- _Task instructions_
Write only how many lines of the listing below include the string "bvpattern".

╔══

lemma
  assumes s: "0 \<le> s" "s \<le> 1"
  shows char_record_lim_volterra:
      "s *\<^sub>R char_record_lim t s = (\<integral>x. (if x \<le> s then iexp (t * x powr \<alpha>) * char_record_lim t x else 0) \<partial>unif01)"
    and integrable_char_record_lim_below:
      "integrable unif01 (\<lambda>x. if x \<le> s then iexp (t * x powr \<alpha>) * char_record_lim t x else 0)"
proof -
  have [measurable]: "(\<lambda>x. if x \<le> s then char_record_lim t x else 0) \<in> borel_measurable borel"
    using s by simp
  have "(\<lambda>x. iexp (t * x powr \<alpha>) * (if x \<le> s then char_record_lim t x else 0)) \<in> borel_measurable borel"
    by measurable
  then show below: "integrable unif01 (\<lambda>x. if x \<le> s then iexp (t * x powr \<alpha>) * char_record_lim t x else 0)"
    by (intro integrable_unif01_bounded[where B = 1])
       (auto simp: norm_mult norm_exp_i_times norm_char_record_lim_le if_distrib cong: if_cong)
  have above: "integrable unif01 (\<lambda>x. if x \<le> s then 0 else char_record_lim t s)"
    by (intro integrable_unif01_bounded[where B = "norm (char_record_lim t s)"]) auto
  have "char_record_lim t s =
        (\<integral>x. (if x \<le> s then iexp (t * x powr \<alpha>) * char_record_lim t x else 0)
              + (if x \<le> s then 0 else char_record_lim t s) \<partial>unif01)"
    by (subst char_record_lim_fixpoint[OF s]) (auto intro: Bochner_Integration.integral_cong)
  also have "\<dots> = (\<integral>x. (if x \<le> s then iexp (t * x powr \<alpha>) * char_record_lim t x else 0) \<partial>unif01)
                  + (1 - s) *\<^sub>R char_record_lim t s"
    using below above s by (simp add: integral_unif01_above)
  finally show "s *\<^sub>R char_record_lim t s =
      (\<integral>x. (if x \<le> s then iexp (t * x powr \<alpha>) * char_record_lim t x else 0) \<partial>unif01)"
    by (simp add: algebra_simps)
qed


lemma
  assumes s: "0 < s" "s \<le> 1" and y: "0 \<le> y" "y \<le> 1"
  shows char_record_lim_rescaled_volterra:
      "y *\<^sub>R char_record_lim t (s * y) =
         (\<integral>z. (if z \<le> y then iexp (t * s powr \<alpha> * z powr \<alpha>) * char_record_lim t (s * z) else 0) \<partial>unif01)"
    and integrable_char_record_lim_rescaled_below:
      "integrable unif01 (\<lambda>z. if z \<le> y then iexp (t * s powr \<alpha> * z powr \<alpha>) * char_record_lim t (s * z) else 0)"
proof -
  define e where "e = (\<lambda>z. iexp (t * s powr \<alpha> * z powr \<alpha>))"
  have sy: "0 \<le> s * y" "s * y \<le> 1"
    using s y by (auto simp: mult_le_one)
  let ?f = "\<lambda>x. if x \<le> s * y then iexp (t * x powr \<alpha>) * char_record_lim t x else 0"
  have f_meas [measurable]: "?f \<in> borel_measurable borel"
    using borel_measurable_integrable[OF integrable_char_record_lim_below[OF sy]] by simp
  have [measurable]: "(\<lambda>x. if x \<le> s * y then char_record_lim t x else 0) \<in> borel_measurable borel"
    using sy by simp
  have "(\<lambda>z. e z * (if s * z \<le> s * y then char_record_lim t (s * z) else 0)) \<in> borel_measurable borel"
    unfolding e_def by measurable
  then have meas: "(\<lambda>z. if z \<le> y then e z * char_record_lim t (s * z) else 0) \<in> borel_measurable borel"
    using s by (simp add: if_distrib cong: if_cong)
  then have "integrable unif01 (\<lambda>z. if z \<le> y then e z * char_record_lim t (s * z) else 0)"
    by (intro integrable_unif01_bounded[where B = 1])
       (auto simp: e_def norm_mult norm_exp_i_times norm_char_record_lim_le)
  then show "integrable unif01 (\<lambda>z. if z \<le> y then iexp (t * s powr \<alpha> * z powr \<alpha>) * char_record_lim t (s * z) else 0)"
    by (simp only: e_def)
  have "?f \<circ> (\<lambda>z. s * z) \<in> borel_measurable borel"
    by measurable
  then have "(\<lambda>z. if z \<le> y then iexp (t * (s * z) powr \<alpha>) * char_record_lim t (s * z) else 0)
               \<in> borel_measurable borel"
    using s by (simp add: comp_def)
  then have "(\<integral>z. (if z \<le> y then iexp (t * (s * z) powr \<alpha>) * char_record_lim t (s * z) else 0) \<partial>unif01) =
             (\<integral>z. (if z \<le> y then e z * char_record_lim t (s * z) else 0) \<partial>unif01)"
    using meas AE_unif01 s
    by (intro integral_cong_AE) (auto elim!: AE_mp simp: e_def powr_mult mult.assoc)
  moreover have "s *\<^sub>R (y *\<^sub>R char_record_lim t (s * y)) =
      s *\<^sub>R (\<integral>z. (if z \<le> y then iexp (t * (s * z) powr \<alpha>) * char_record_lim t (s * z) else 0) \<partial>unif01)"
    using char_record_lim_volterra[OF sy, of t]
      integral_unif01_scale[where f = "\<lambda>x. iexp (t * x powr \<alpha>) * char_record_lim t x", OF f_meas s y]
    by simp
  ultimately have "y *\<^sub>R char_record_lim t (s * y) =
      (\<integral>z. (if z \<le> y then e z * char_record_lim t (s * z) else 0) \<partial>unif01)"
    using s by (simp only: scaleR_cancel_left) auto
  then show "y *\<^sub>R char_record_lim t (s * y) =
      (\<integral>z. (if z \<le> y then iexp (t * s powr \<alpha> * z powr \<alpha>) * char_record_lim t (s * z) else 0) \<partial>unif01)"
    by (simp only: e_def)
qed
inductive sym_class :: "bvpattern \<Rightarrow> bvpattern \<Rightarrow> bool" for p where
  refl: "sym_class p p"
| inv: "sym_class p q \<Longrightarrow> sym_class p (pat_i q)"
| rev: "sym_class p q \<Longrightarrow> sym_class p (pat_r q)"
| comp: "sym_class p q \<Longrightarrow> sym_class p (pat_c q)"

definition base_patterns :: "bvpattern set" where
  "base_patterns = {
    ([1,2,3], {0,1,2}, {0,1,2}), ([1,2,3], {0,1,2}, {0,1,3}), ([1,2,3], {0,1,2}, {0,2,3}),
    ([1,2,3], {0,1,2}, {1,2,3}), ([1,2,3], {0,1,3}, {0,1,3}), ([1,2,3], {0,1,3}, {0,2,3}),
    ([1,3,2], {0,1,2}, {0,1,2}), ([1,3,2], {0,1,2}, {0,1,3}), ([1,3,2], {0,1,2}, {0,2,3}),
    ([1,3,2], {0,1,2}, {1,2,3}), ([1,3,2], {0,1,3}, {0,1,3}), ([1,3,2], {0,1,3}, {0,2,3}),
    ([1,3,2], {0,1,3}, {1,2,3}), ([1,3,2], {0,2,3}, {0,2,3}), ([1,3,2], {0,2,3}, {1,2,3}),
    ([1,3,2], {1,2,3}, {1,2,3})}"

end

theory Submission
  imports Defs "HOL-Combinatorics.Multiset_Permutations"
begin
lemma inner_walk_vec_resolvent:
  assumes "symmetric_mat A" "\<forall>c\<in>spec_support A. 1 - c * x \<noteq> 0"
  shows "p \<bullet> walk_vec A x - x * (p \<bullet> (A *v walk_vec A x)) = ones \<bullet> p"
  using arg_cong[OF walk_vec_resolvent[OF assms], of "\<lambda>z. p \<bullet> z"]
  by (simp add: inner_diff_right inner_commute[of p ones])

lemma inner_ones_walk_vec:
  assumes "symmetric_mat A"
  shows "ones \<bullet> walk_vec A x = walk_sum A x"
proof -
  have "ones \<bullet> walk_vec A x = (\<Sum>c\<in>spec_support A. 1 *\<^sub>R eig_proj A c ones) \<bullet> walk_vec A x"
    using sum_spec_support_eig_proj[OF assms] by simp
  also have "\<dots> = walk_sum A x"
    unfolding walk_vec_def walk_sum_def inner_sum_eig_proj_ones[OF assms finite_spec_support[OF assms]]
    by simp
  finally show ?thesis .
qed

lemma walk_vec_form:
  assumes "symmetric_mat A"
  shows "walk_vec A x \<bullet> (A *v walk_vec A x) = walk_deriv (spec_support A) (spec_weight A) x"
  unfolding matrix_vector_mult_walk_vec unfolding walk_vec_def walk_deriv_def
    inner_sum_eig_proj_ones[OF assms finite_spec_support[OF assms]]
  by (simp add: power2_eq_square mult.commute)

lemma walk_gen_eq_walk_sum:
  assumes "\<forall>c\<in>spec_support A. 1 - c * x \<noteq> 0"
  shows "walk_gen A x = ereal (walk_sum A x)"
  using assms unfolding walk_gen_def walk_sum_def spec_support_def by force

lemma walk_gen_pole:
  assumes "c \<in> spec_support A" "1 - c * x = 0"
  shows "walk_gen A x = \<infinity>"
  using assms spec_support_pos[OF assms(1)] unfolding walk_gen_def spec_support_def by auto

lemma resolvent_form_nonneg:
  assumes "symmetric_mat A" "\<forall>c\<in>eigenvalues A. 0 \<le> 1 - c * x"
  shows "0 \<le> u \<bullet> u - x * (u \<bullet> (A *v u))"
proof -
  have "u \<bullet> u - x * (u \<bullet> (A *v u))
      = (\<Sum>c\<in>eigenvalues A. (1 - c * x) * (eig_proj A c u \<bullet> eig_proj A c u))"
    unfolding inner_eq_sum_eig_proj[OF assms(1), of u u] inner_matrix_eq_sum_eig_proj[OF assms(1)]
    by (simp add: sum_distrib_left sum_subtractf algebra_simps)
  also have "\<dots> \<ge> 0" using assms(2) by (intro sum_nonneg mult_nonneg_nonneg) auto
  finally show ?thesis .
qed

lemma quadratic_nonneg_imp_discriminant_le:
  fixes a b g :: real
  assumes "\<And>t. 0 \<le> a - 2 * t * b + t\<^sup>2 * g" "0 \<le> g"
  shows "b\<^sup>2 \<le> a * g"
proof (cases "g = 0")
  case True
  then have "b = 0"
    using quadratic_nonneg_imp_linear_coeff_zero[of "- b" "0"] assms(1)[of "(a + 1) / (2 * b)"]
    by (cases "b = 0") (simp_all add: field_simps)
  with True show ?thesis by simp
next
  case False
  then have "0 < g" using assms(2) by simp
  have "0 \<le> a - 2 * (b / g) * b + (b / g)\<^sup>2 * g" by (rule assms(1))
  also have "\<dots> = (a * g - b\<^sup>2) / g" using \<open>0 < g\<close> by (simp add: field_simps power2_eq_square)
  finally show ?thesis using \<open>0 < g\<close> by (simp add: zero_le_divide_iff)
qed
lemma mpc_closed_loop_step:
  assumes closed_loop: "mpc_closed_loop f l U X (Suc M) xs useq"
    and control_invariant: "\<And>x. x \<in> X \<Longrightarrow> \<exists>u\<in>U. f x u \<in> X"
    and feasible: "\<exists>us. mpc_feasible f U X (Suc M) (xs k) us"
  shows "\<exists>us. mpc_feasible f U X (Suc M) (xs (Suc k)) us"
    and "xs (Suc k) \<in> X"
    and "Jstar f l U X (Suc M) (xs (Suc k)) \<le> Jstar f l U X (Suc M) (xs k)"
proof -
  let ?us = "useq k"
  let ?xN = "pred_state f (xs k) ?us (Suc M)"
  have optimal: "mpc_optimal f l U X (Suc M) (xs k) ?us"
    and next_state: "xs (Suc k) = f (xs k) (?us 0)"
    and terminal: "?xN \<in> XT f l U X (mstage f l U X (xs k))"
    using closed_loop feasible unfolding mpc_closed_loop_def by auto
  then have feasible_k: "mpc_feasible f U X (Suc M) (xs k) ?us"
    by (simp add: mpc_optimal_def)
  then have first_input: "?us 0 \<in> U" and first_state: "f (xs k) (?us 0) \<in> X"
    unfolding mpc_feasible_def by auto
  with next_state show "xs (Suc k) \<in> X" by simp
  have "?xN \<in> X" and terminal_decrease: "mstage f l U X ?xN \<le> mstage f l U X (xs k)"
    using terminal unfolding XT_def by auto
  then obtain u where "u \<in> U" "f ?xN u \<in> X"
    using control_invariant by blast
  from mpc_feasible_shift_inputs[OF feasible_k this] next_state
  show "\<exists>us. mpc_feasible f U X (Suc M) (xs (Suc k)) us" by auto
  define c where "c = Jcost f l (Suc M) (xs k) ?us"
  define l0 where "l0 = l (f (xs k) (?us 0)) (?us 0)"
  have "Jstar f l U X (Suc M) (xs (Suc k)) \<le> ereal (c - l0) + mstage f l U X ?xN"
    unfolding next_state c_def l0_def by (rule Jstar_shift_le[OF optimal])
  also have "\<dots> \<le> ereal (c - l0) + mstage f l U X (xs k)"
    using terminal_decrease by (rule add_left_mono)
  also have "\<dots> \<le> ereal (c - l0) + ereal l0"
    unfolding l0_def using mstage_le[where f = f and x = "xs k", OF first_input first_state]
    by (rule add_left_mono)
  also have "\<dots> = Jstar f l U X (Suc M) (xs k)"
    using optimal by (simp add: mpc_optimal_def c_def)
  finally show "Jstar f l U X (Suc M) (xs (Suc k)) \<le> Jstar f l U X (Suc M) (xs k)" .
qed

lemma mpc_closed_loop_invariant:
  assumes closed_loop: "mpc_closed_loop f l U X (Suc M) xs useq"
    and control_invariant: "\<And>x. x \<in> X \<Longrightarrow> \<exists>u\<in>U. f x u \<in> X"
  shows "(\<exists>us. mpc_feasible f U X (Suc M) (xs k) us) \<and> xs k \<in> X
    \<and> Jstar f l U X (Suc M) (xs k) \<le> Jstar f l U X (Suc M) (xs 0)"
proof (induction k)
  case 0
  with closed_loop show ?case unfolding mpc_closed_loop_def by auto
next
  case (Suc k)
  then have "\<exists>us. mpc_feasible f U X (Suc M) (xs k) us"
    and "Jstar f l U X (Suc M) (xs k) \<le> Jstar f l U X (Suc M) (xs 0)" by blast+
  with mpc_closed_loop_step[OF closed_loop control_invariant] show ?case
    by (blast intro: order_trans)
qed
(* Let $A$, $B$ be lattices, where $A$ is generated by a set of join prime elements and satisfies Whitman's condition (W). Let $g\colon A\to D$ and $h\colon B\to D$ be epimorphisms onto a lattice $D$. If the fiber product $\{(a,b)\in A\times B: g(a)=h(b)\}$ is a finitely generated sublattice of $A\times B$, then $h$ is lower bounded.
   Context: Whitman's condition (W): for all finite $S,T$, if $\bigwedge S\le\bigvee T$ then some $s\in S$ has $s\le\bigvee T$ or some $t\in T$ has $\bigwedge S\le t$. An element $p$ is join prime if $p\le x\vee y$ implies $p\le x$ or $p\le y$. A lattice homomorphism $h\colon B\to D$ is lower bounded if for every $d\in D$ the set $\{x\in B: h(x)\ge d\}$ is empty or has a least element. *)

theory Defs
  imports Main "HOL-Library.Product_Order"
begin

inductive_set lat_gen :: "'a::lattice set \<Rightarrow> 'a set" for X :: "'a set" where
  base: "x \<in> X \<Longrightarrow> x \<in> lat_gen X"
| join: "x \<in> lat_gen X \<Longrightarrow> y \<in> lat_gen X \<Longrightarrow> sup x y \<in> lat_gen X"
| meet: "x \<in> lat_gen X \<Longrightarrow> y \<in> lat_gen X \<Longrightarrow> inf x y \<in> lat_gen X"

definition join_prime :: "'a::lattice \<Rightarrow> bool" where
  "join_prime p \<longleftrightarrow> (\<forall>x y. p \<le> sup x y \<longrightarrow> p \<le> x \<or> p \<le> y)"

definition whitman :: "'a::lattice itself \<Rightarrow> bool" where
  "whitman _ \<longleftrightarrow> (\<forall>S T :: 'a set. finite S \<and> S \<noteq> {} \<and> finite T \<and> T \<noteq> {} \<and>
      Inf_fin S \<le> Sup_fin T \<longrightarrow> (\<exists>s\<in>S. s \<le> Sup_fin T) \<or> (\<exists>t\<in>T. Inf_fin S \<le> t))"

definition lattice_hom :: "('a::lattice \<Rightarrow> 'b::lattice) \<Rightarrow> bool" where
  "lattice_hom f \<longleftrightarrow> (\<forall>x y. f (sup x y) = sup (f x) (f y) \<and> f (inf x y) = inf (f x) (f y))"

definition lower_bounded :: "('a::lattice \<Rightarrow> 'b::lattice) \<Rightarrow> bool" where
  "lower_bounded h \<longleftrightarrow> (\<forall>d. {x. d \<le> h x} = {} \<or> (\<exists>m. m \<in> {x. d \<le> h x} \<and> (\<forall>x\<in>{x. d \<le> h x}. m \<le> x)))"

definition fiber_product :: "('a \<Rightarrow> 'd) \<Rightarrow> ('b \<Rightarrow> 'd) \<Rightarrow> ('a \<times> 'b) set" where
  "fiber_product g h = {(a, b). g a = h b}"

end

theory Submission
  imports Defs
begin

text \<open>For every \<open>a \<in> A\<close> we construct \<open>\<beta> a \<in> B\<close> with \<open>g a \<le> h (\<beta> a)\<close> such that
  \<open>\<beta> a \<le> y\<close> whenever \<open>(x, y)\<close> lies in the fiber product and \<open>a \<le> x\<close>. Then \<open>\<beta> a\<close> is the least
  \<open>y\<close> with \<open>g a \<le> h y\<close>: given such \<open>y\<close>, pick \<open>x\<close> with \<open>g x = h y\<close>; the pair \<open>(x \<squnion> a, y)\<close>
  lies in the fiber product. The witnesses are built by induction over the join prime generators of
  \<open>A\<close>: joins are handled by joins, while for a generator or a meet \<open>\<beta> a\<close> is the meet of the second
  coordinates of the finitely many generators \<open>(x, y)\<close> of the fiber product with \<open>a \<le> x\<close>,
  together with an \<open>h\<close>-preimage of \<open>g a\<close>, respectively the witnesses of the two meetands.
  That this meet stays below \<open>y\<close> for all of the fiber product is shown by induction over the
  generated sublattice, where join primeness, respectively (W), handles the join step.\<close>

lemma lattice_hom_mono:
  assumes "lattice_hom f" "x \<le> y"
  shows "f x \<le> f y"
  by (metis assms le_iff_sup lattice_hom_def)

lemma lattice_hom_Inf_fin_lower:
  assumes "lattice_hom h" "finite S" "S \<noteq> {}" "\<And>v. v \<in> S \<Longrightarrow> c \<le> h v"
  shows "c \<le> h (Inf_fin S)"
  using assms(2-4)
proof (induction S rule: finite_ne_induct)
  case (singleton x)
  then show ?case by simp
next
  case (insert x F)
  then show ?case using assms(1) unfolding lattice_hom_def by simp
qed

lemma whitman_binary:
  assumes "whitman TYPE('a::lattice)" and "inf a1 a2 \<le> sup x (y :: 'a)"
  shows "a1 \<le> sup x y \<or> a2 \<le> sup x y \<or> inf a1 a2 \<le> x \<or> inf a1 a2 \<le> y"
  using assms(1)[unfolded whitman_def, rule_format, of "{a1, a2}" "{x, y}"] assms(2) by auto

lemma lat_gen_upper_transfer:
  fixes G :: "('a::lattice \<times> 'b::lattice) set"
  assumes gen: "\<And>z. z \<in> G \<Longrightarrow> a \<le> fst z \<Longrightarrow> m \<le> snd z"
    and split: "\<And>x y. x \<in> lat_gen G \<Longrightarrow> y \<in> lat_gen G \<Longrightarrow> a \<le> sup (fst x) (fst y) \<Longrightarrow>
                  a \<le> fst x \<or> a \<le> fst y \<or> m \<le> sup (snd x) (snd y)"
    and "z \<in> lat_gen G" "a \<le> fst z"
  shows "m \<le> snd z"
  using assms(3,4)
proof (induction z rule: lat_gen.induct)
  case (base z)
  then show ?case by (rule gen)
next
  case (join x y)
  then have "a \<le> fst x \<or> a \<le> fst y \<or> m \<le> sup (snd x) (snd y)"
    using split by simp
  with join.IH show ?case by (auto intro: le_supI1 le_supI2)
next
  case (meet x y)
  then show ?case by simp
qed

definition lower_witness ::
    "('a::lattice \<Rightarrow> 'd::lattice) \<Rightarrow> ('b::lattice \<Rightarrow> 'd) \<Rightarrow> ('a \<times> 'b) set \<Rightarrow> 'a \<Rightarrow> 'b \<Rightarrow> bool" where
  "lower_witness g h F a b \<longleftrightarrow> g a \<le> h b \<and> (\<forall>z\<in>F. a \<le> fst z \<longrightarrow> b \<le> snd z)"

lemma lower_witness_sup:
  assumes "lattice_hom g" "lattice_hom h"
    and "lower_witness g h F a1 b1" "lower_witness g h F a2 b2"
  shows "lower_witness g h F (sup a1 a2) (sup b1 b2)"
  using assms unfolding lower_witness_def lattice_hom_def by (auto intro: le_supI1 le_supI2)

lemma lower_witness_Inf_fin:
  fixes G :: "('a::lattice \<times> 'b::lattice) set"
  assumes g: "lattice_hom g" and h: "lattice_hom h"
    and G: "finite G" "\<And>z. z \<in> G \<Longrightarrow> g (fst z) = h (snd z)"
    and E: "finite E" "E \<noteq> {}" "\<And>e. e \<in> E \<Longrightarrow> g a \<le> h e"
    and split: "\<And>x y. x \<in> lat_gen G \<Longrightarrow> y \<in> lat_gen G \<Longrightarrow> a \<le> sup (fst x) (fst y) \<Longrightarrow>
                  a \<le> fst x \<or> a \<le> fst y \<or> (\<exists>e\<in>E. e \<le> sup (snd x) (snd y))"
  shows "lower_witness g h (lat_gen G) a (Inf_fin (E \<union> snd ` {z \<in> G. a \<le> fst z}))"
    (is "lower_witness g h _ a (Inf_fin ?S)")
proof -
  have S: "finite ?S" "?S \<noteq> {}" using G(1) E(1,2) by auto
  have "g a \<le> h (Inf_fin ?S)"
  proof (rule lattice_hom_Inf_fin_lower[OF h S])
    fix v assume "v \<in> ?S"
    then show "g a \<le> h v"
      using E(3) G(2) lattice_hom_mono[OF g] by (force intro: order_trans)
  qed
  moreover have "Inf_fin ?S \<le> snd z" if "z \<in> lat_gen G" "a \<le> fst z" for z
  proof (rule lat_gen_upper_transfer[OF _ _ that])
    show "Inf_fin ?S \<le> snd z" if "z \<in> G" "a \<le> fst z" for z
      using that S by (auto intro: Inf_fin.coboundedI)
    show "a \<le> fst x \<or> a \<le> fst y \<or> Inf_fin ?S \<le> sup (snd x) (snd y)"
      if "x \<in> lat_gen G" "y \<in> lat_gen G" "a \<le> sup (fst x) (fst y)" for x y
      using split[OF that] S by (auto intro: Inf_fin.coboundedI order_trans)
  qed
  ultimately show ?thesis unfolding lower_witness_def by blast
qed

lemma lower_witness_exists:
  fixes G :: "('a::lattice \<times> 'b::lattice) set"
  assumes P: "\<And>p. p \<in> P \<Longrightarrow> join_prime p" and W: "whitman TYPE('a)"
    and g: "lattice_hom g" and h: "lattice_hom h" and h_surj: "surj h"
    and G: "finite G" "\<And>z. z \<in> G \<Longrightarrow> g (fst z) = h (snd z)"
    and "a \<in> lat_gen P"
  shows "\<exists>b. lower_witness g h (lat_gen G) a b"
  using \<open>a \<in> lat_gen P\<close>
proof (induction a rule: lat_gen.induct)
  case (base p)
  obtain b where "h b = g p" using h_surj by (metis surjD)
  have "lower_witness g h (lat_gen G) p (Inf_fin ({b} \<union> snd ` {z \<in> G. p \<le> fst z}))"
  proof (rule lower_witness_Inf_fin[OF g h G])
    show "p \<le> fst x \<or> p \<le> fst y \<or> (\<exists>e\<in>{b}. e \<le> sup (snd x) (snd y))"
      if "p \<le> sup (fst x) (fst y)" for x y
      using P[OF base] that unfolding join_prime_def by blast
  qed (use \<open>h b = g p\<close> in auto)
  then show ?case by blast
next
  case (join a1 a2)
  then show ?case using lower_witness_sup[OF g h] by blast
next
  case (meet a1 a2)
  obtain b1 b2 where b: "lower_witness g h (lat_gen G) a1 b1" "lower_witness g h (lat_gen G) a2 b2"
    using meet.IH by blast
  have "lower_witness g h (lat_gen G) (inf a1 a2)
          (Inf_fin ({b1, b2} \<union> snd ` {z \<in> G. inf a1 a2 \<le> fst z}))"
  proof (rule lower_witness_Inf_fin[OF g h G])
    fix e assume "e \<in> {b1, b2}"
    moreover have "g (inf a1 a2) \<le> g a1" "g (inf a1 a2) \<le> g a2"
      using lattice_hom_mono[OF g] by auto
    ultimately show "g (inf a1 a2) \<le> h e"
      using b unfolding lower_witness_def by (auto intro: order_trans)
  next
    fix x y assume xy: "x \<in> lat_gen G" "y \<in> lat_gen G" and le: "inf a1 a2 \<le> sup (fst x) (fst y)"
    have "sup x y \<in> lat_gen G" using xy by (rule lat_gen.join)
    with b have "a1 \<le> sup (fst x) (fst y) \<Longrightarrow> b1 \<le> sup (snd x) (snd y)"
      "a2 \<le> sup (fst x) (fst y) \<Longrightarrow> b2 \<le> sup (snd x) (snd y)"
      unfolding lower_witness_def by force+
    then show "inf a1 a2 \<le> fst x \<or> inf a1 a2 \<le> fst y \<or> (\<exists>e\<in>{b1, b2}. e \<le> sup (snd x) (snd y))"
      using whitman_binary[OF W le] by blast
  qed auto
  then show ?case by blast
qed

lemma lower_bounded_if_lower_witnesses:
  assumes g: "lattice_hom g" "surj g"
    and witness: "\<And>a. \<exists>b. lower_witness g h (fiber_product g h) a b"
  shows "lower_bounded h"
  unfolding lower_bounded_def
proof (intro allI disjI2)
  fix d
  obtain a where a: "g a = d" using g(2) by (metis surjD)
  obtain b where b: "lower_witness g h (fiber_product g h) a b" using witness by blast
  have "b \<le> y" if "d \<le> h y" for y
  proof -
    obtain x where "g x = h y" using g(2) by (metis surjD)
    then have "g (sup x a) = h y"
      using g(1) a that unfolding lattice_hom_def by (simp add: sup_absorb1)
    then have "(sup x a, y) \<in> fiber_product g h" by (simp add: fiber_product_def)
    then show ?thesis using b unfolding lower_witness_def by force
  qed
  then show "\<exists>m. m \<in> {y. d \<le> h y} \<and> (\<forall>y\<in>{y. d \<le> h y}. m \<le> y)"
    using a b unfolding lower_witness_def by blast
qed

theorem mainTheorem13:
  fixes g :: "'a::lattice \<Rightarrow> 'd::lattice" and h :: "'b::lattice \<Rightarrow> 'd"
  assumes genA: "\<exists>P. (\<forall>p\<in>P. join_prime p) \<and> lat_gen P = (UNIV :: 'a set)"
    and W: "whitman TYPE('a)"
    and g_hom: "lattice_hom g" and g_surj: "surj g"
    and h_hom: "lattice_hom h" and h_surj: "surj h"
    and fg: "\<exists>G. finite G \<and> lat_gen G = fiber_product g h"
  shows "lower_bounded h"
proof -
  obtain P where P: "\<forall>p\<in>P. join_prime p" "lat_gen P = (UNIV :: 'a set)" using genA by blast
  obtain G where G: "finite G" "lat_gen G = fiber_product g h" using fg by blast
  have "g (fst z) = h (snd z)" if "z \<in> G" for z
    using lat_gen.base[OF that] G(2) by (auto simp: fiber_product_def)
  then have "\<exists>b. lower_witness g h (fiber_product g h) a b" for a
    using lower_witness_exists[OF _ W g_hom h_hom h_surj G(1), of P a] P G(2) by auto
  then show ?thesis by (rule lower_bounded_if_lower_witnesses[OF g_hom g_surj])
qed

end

╚══

- _Answer for this exercise_
2